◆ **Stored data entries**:

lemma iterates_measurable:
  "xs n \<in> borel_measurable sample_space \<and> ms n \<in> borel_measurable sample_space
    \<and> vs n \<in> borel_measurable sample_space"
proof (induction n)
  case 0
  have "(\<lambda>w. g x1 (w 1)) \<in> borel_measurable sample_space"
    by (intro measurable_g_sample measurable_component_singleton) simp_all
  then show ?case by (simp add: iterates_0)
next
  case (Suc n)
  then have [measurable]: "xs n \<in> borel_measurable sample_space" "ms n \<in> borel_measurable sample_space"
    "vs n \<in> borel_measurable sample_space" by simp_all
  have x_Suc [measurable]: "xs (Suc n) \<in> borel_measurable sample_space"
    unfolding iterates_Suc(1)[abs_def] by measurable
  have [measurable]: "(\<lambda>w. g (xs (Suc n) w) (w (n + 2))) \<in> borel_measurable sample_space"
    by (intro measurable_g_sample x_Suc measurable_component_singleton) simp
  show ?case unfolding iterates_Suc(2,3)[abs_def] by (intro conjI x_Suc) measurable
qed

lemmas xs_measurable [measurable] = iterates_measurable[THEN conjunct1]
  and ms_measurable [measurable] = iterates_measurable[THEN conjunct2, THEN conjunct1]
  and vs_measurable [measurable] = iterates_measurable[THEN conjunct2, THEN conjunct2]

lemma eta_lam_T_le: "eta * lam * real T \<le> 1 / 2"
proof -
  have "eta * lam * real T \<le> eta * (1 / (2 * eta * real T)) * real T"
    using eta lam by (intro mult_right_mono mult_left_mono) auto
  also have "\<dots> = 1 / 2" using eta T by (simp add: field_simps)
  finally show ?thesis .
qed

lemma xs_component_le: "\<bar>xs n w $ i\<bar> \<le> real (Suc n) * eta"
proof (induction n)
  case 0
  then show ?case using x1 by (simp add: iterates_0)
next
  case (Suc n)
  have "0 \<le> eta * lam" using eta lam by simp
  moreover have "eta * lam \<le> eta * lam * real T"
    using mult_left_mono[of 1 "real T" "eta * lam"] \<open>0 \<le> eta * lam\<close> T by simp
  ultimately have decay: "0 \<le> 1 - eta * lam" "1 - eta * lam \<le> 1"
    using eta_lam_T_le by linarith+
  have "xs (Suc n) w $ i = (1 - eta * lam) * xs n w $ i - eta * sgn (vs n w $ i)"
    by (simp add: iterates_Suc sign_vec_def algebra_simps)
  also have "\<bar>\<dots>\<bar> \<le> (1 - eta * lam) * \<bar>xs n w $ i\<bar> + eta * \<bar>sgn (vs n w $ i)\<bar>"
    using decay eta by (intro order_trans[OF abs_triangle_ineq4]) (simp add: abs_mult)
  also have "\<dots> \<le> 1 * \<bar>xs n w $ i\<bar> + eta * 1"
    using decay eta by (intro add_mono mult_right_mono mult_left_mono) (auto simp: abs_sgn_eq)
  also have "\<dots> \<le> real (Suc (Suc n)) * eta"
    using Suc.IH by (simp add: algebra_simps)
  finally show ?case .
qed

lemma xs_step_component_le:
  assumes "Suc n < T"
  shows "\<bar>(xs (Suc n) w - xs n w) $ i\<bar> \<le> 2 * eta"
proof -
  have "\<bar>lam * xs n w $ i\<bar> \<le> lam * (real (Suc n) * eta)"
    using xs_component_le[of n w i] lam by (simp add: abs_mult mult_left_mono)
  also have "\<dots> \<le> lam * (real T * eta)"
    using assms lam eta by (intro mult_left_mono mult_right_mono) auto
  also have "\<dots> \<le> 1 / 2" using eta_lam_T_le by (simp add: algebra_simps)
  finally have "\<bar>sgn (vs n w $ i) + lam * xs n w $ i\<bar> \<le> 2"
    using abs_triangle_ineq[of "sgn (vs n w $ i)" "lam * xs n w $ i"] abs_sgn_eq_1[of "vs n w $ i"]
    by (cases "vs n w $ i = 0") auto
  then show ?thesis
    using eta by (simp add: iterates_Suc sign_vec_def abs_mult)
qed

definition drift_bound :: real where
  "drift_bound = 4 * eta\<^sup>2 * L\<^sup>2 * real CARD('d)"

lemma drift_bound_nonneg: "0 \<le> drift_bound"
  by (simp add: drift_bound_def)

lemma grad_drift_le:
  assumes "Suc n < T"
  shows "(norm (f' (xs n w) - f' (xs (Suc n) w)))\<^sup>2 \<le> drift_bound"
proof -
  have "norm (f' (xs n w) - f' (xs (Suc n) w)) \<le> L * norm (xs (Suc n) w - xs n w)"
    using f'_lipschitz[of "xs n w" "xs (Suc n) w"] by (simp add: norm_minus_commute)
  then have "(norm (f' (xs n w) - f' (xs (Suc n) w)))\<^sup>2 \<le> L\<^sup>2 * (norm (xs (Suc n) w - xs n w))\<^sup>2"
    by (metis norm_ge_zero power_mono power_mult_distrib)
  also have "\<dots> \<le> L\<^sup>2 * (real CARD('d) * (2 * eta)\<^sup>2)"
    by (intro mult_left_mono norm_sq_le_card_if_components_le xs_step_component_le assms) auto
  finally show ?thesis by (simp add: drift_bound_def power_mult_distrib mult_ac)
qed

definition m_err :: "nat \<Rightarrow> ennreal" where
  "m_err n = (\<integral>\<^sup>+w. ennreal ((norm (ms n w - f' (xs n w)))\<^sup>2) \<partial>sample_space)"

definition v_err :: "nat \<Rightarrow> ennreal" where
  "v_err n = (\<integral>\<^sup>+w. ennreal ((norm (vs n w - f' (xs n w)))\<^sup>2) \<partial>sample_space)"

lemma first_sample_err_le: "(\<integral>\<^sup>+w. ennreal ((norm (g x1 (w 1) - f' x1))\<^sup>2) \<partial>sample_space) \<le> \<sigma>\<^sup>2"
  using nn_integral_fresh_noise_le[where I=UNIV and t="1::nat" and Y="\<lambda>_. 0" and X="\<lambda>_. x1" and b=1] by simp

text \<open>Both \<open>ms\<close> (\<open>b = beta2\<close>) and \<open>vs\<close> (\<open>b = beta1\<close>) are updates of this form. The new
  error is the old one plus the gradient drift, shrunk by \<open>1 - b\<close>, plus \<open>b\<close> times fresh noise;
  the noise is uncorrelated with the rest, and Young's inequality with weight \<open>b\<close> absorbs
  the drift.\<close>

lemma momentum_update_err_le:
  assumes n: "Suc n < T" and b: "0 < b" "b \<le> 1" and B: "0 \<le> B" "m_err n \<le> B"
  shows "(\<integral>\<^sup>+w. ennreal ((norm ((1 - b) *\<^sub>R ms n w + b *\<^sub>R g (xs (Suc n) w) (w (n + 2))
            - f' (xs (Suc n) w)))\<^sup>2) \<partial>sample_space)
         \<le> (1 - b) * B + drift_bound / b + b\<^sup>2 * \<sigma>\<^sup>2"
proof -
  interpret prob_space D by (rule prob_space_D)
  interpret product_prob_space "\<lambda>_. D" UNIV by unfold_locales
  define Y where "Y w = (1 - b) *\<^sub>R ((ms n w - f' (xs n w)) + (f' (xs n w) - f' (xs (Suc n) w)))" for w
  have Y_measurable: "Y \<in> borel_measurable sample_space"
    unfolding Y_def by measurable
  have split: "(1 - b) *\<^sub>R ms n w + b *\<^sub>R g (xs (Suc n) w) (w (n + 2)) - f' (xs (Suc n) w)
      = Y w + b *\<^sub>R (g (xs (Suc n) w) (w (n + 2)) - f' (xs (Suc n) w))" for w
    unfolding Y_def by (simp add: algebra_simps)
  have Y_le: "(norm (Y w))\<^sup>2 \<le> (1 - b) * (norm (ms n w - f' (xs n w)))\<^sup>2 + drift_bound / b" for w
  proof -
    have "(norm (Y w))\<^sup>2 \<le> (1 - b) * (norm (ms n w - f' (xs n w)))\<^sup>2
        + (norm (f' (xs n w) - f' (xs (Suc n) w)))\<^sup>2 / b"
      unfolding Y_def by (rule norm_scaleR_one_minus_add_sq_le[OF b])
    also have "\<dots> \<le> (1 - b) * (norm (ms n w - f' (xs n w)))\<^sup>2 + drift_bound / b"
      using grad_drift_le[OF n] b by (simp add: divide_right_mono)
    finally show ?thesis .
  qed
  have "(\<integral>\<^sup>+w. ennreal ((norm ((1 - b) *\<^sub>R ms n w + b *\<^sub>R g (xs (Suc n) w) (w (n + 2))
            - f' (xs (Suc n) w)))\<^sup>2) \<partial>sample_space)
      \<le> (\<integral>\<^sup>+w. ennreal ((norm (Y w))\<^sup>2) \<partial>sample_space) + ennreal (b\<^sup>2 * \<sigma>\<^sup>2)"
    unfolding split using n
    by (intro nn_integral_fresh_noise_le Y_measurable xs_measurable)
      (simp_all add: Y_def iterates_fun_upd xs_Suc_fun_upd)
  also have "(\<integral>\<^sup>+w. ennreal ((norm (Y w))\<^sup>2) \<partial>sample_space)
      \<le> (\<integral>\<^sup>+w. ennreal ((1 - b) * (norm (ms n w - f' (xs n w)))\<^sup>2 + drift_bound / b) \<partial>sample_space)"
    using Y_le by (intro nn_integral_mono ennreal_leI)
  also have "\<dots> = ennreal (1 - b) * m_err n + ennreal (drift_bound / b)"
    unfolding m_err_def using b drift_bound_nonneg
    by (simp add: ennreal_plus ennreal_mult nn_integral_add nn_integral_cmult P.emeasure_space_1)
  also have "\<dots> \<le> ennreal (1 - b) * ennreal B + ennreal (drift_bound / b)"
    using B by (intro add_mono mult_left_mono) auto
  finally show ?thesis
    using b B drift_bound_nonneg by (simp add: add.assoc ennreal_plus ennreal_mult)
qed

◆ **Task directions**: The expected output is one number, the tally of lines above containing "Rightarrow".

◆ **Answer section**: 2